Saved data entries
lemma uniformly_negative_inner:
  fixes c :: "'j \<Rightarrow> 'a::euclidean_space"
  assumes "finite J" "J \<noteq> {}"
    and neg: "\<And>w. w \<noteq> 0 \<Longrightarrow> \<exists>j\<in>J. inner (c j) w < 0"
  shows "\<exists>\<kappa>>0. \<forall>w. \<exists>j\<in>J. inner (c j) w \<le> - \<kappa> * norm w"
proof -
  define f where "f w = Min ((\<lambda>j. inner (c j) w) ` J)" for w
  have "continuous_on (sphere 0 1) f"
    unfolding f_def using assms(1,2) by (intro continuous_on_Min_image continuous_intros)
  then obtain u where u: "u \<in> sphere 0 1" and max: "\<And>w. w \<in> sphere 0 1 \<Longrightarrow> f w \<le> f u"
    using continuous_attains_sup[of "sphere (0::'a) 1" f] by auto
  have f_le: "\<exists>j\<in>J. inner (c j) w \<le> f w" for w
  proof -
    have "f w \<in> (\<lambda>j. inner (c j) w) ` J" unfolding f_def using assms(1,2) by (intro Min_in) auto
    then show ?thesis by force
  qed
  have "f u < 0"
  proof -
    have "u \<noteq> 0" using u by auto
    then obtain j where "j \<in> J" "inner (c j) u < 0" using neg by blast
    then show ?thesis unfolding f_def using assms(1) by (meson Min_le finite_imageI image_eqI le_less_trans)
  qed
  moreover have "\<exists>j\<in>J. inner (c j) w \<le> f u * norm w" for w
  proof (cases "w = 0")
    case True
    then show ?thesis using assms(2) by auto
  next
    case False
    obtain j where j: "j \<in> J" "inner (c j) (w /\<^sub>R norm w) \<le> f (w /\<^sub>R norm w)"
      using f_le by blast
    have "inner (c j) (w /\<^sub>R norm w) \<le> f u" using j max[of "w /\<^sub>R norm w"] False by auto
    then have "inner (c j) w \<le> f u * norm w" using False by (simp add: field_simps)
    then show ?thesis using j(1) by blast
  qed
  ultimately show ?thesis by (intro exI[of _ "- f u"]) auto
qed

lemma orthogonal_complex_eq_scaleR:
  fixes x w :: complex
  assumes "inner x w = 0" "w \<noteq> 0"
  shows "x = (inner x (\<i> * w) / (norm w)\<^sup>2) *\<^sub>R (\<i> * w)"
proof -
  have "Re w * inner x w = 0" "Im w * inner x w = 0" using assms(1) by simp_all
  then show ?thesis using assms(2) unfolding inner_complex_def cmod_power2
    by (auto simp: complex_eq_iff field_simps complex_eq_0 power2_eq_square)
qed

lemma noncollinear_sum_zero_negative_inner:
  fixes c :: "nat \<Rightarrow> complex"
  assumes noncol: "\<not> collinear {c 1, c 2, c 3}" and sum0: "c 1 + c 2 + c 3 = 0" and "w \<noteq> 0"
  shows "\<exists>j\<in>{1,2,3}. inner (c j) w < 0"
proof (rule ccontr)
  assume "\<not> ?thesis"
  then have nonneg: "0 \<le> inner (c j) w" if "j \<in> {1,2,3}" for j
    using that by force
  have "inner (c 1) w + inner (c 2) w + inner (c 3) w = 0"
    using sum0 by (metis inner_add_left inner_zero_left)
  then have "inner (c j) w = 0" if "j \<in> {1,2,3}" for j
    using that nonneg[of 1] nonneg[of 2] nonneg[of 3] by auto
  then have "\<exists>t. c j = 0 + t *\<^sub>R (\<i> * w)" if "j \<in> {1,2,3}" for j
    using that orthogonal_complex_eq_scaleR \<open>w \<noteq> 0\<close> by auto
  then have "\<forall>x\<in>{c 1, c 2, c 3}. \<exists>t. x = 0 + t *\<^sub>R (\<i> * w)"
    by blast
  then have "collinear {c 1, c 2, c 3}"
    unfolding collinear_alt by blast
  with noncol show False ..
qed

lemma norm_add_scaleR_lt:
  fixes w c :: "'a::real_inner"
  assumes inward: "inner c w \<le> - \<kappa> * norm w"
    and C: "norm c \<le> C" and t: "0 \<le> t" "t * C\<^sup>2 \<le> \<kappa> / 4" "t * C \<le> 1/4"
    and R: "norm w \<le> R" "R\<^sup>2 < r\<^sup>2 + 3/4 * t * \<kappa>" and r: "3/4 \<le> r"
  shows "norm (w + t *\<^sub>R c) < r"
proof (cases "norm w < 1/2")
  case True
  have "norm (w + t *\<^sub>R c) \<le> norm w + t * norm c"
    using norm_triangle_ineq[of w "t *\<^sub>R c"] t by simp
  also have "\<dots> \<le> norm w + t * C"
    using mult_left_mono[OF C t(1)] by simp
  finally show ?thesis using True t r by linarith
next
  case False
  have "0 \<le> t * C\<^sup>2" using t(1) by simp
  then have "0 \<le> \<kappa>" using t(2) by linarith
  have "(norm (w + t *\<^sub>R c))\<^sup>2 = (norm w)\<^sup>2 + 2 * (t * inner c w) + t * (t * (norm c)\<^sup>2)"
    unfolding power2_norm_eq_inner by (simp add: inner_add inner_commute algebra_simps)
  also have "\<dots> \<le> R\<^sup>2 - t * \<kappa> + t * \<kappa> / 4"
  proof -
    have "(norm w)\<^sup>2 \<le> R\<^sup>2" using R(1) by (simp add: power_mono)
    moreover have "t * inner c w \<le> - t * \<kappa> / 2"
    proof -
      have "t * inner c w \<le> t * (- \<kappa> * norm w)" using mult_left_mono[OF inward t(1)] .
      also have "\<dots> \<le> - t * \<kappa> / 2"
        using mult_left_mono[of "1/2" "norm w" "t * \<kappa>"] False \<open>0 \<le> \<kappa>\<close> t(1) by simp
      finally show ?thesis .
    qed
    moreover have "t * (t * (norm c)\<^sup>2) \<le> t * (t * C\<^sup>2)"
      using C t(1) by (intro mult_left_mono power_mono) auto
    moreover have "t * (t * C\<^sup>2) \<le> t * \<kappa> / 4"
      using mult_left_mono[OF t(2) t(1)] by simp
    ultimately show ?thesis by linarith
  qed
  also have "\<dots> < r\<^sup>2" using R(2) by linarith
  finally have "(norm (w + t *\<^sub>R c))\<^sup>2 < r\<^sup>2" .
  then show ?thesis by (rule power2_less_imp_less) (use r in linarith)
qed

lemma one_minus_squared_ge: "1 - 2 * a \<le> (1 - a)\<^sup>2" for a :: real
  by (simp add: power2_diff)

lemma one_plus_squared_le: "0 \<le> a \<Longrightarrow> a \<le> 1 \<Longrightarrow> (1 + a)\<^sup>2 \<le> 1 + 3 * a" for a :: real
  by (simp add: power2_eq_square algebra_simps mult_left_le)

text \<open>Below, \<open>\<epsilon>\<kappa>/8\<close> plays the role of \<open>\<alpha>\<^sub>0\<close>, and \<open>\<epsilon>\<kappa>/16\<close> is the margin that keeps the
  closures of the images inside the open discs.\<close>

context
  fixes c :: "'j \<Rightarrow> complex" and J :: "'j set" and \<kappa> C \<epsilon> :: real
  assumes inward: "\<And>w. \<exists>j\<in>J. inner (c j) w \<le> - \<kappa> * norm w"
    and norm_le: "\<And>j. j \<in> J \<Longrightarrow> norm (c j) \<le> C"
    and kappa: "0 < \<kappa>" "\<kappa> \<le> 1" and C: "1 \<le> C"
    and eps: "0 < \<epsilon>" "12 * \<epsilon> * C\<^sup>2 \<le> \<kappa>"
begin

lemma eps_kappa_bounds: "0 < \<epsilon> * \<kappa>" "\<epsilon> * \<kappa> \<le> 1/12"
proof -
  have "1 \<le> C\<^sup>2" using C by (simp add: one_le_power)
  then have "\<epsilon> \<le> \<epsilon> * C\<^sup>2" using eps(1) by simp
  moreover have "\<epsilon> * \<kappa> \<le> \<epsilon>" using kappa eps(1) by simp
  ultimately show "\<epsilon> * \<kappa> \<le> 1/12" using eps kappa by linarith
  show "0 < \<epsilon> * \<kappa>" using eps kappa by simp
qed

lemma step_size_bounds:
  assumes "0 \<le> t" "t \<le> 3 * \<epsilon>"
  shows "t * C\<^sup>2 \<le> \<kappa> / 4" "t * C \<le> 1/4"
proof -
  have "t * C\<^sup>2 \<le> 3 * \<epsilon> * C\<^sup>2" using assms by (simp add: mult_right_mono)
  then show "t * C\<^sup>2 \<le> \<kappa> / 4" using eps(2) by simp
  moreover have "t * C \<le> t * C\<^sup>2"
    using C assms(1) by (intro mult_left_mono) (auto simp: power2_eq_square)
  ultimately show "t * C \<le> 1/4" using kappa by simp
qed

lemma cball_subset_Union_images:
  assumes "1 - \<epsilon> * \<kappa> / 8 \<le> norm \<rho>"
  shows "cball 0 1 \<subseteq> (\<Union>j\<in>J. (\<lambda>z. \<rho> * z + of_real \<epsilon> * c j) ` ball 0 1)"
proof
  fix y :: complex
  assume "y \<in> cball 0 1"
  obtain j where j: "j \<in> J" "inner (- c j) y \<le> - \<kappa> * norm y"
    using inward[of "- y"] by auto
  have "norm (- c j) \<le> C" using norm_le[OF j(1)] by simp
  have "norm (y + \<epsilon> *\<^sub>R - c j) < 1 - \<epsilon> * \<kappa> / 8"
  proof (rule norm_add_scaleR_lt[OF j(2) \<open>norm (- c j) \<le> C\<close> _ step_size_bounds, where R = 1])
    show "1\<^sup>2 < (1 - \<epsilon> * \<kappa> / 8)\<^sup>2 + 3/4 * \<epsilon> * \<kappa>"
      using one_minus_squared_ge[of "\<epsilon> * \<kappa> / 8"] eps_kappa_bounds by simp
  qed (use \<open>y \<in> cball 0 1\<close> eps eps_kappa_bounds in \<open>simp | linarith\<close>)+
  moreover have "0 < norm \<rho>" using assms eps_kappa_bounds by linarith
  ultimately have "(y - of_real \<epsilon> * c j) / \<rho> \<in> ball 0 1"
    using assms by (simp add: scaleR_conv_of_real norm_divide divide_less_eq)
  moreover have "y = \<rho> * ((y - of_real \<epsilon> * c j) / \<rho>) + of_real \<epsilon> * c j"
    using \<open>0 < norm \<rho>\<close> by simp
  ultimately have "y \<in> (\<lambda>z. \<rho> * z + of_real \<epsilon> * c j) ` ball 0 1"
    by (rule rev_image_eqI)
  then show "y \<in> (\<Union>j\<in>J. (\<lambda>z. \<rho> * z + of_real \<epsilon> * c j) ` ball 0 1)"
    using j(1) by blast
qed

text \<open>The sets \<open>H\<^sub>j\<close>; the last condition says \<open>|\<phi>\<^sub>j(z/3)| < 1/3 - \<epsilon>\<kappa>/16\<close>.\<close>

definition piece :: "complex \<Rightarrow> 'j \<Rightarrow> complex set" where
  "piece \<rho> j = {z. norm z < 1 \<and> norm (\<rho> * z + of_real \<epsilon> * c j) < 1 - \<epsilon> * \<kappa> / 16 \<and>
                              norm (\<rho> * z + of_real (3 * \<epsilon>) * c j) < 1 - 3 * \<epsilon> * \<kappa> / 16}"

lemma open_piece: "open (piece \<rho> j)"
  unfolding piece_def by (intro open_Collect_conj open_Collect_less continuous_intros) auto

lemma ball_eq_Union_pieces:
  assumes "norm \<rho> \<le> 1 + \<epsilon> * \<kappa> / 8"
  shows "ball 0 1 = (\<Union>j\<in>J. piece \<rho> j)"
proof
  show "ball 0 1 \<subseteq> (\<Union>j\<in>J. piece \<rho> j)"
  proof
    fix z :: complex
    assume z: "z \<in> ball 0 1"
    have w: "norm (\<rho> * z) \<le> 1 + \<epsilon> * \<kappa> / 8"
      using z assms mult_mono[of "norm \<rho>" "1 + \<epsilon> * \<kappa> / 8" "norm z" 1] eps_kappa_bounds
      by (simp add: norm_mult)
    obtain j where j: "j \<in> J" "inner (c j) (\<rho> * z) \<le> - \<kappa> * norm (\<rho> * z)"
      using inward by blast
    have "norm (\<rho> * z + \<epsilon> *\<^sub>R c j) < 1 - \<epsilon> * \<kappa> / 16"
    proof (rule norm_add_scaleR_lt[OF j(2) norm_le[OF j(1)] _ step_size_bounds w])
      show "(1 + \<epsilon> * \<kappa> / 8)\<^sup>2 < (1 - \<epsilon> * \<kappa> / 16)\<^sup>2 + 3/4 * \<epsilon> * \<kappa>"
        using one_plus_squared_le[of "\<epsilon> * \<kappa> / 8"] one_minus_squared_ge[of "\<epsilon> * \<kappa> / 16"] eps_kappa_bounds
        by linarith
    qed (use eps eps_kappa_bounds in linarith)+
    moreover have "norm (\<rho> * z + (3 * \<epsilon>) *\<^sub>R c j) < 1 - 3 * \<epsilon> * \<kappa> / 16"
    proof (rule norm_add_scaleR_lt[OF j(2) norm_le[OF j(1)] _ step_size_bounds w])
      show "(1 + \<epsilon> * \<kappa> / 8)\<^sup>2 < (1 - 3 * \<epsilon> * \<kappa> / 16)\<^sup>2 + 3/4 * (3 * \<epsilon>) * \<kappa>"
        using one_plus_squared_le[of "\<epsilon> * \<kappa> / 8"] one_minus_squared_ge[of "3 * \<epsilon> * \<kappa> / 16"] eps_kappa_bounds
        by linarith
    qed (use eps eps_kappa_bounds in linarith)+
    moreover have "norm z < 1" using z by simp
    ultimately have "z \<in> piece \<rho> j"
      unfolding piece_def mem_Collect_eq scaleR_conv_of_real by blast
    then show "z \<in> (\<Union>j\<in>J. piece \<rho> j)" using j(1) by blast
  qed
qed (auto simp: piece_def)
(* Let $N\ge2$ and let $\Lambda$ be a differentiable Young function satisfying $s_\Lambda<N$. Then there is $C>0$ such that for any $u\in L^{\Lambda_*}(\mathbb{R}^N)$ and $v\in L^N(\mathbb{R}^N)$ one has $\|uv\|_\Lambda\le C\|u\|_{\Lambda_*}\|v\|_N$.
   Context: A Young function is a convex $\Lambda:[0,\infty)\to[0,\infty)$ with $\Lambda(t)=0$ iff $t=0$, $\lim_{t\to0^+}\Lambda(t)/t=0$ and $\lim_{t\to\infty}\Lambda(t)/t=\infty$; $s_\Lambda:=\sup_{t>0}\frac{t\Lambda'(t)}{\Lambda(t)}$. With $N'=N/(N-1)$, the Sobolev conjugate is $\Lambda_*:=\Lambda\circ\mathscr{H}^{-1}$, where $\mathscr{H}(t)=\big(\int_0^t(\tau/\Lambda(\tau))^{N'-1}d\tau\big)^{1/N'}$. $\|\cdot\|_\Lambda$ denotes the Luxemburg norm $\inf\{\tau>0:\int_{\mathbb{R}^N}\Lambda(|u|/\tau)\,dx\le1\}$, $L^\Lambda$ the corresponding Orlicz space, $\|\cdot\|_N$ the $L^N$ norm. *)

theory Defs
  imports "HOL-Analysis.Analysis"
begin

definition young_function :: "(real \<Rightarrow> real) \<Rightarrow> bool" where
  "young_function \<Lambda> \<longleftrightarrow>
     convex_on {0..} \<Lambda> \<and>
     (\<forall>t\<ge>0. \<Lambda> t \<ge> 0) \<and>
     (\<forall>t\<ge>0. \<Lambda> t = 0 \<longleftrightarrow> t = 0) \<and>
     ((\<lambda>t. \<Lambda> t / t) \<longlongrightarrow> 0) (at_right 0) \<and>
     filterlim (\<lambda>t. \<Lambda> t / t) at_top at_top"

definition s_index :: "(real \<Rightarrow> real) \<Rightarrow> ereal" where
  "s_index \<Lambda> = (SUP t\<in>{0<..}. ereal (t * deriv \<Lambda> t / \<Lambda> t))"

text \<open>H(t) = (int_0^t (tau/Lambda tau)^(N'-1) dtau)^(1/N'), with N' = N/(N-1),
  so N' - 1 = 1/(N-1) and 1/N' = (N-1)/N.\<close>
definition sob_H :: "(real \<Rightarrow> real) \<Rightarrow> nat \<Rightarrow> real \<Rightarrow> real" where
  "sob_H \<Lambda> N t =
     (LBINT \<tau>=0..t. (\<tau> / \<Lambda> \<tau>) powr (1 / (real N - 1))) powr ((real N - 1) / real N)"

definition sobolev_conjugate :: "(real \<Rightarrow> real) \<Rightarrow> nat \<Rightarrow> real \<Rightarrow> real" where
  "sobolev_conjugate \<Lambda> N = \<Lambda> \<circ> inv_into {0..} (sob_H \<Lambda> N)"

definition orlicz_space :: "(real \<Rightarrow> real) \<Rightarrow> ('a::euclidean_space \<Rightarrow> real) set" where
  "orlicz_space \<Lambda> = {u \<in> borel_measurable lebesgue.
      \<exists>\<tau>>0. (\<integral>\<^sup>+ x. ennreal (\<Lambda> (\<bar>u x\<bar> / \<tau>)) \<partial>lebesgue) < \<infinity>}"

definition luxemburg_norm :: "(real \<Rightarrow> real) \<Rightarrow> ('a::euclidean_space \<Rightarrow> real) \<Rightarrow> real" where
  "luxemburg_norm \<Lambda> u = Inf {\<tau>. \<tau> > 0 \<and>
      (\<integral>\<^sup>+ x. ennreal (\<Lambda> (\<bar>u x\<bar> / \<tau>)) \<partial>lebesgue) \<le> 1}"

*Task item*
Word for word, restate the lines above from the line containing "deriv \<Lambda> t" through the line containing "so N' - 1 = 1/(N-1)", with both included and nothing else.

*The answer*
  "s_index \<Lambda> = (SUP t\<in>{0<..}. ereal (t * deriv \<Lambda> t / \<Lambda> t))"

text \<open>H(t) = (int_0^t (tau/Lambda tau)^(N'-1) dtau)^(1/N'), with N' = N/(N-1),
  so N' - 1 = 1/(N-1) and 1/N' = (N-1)/N.\<close>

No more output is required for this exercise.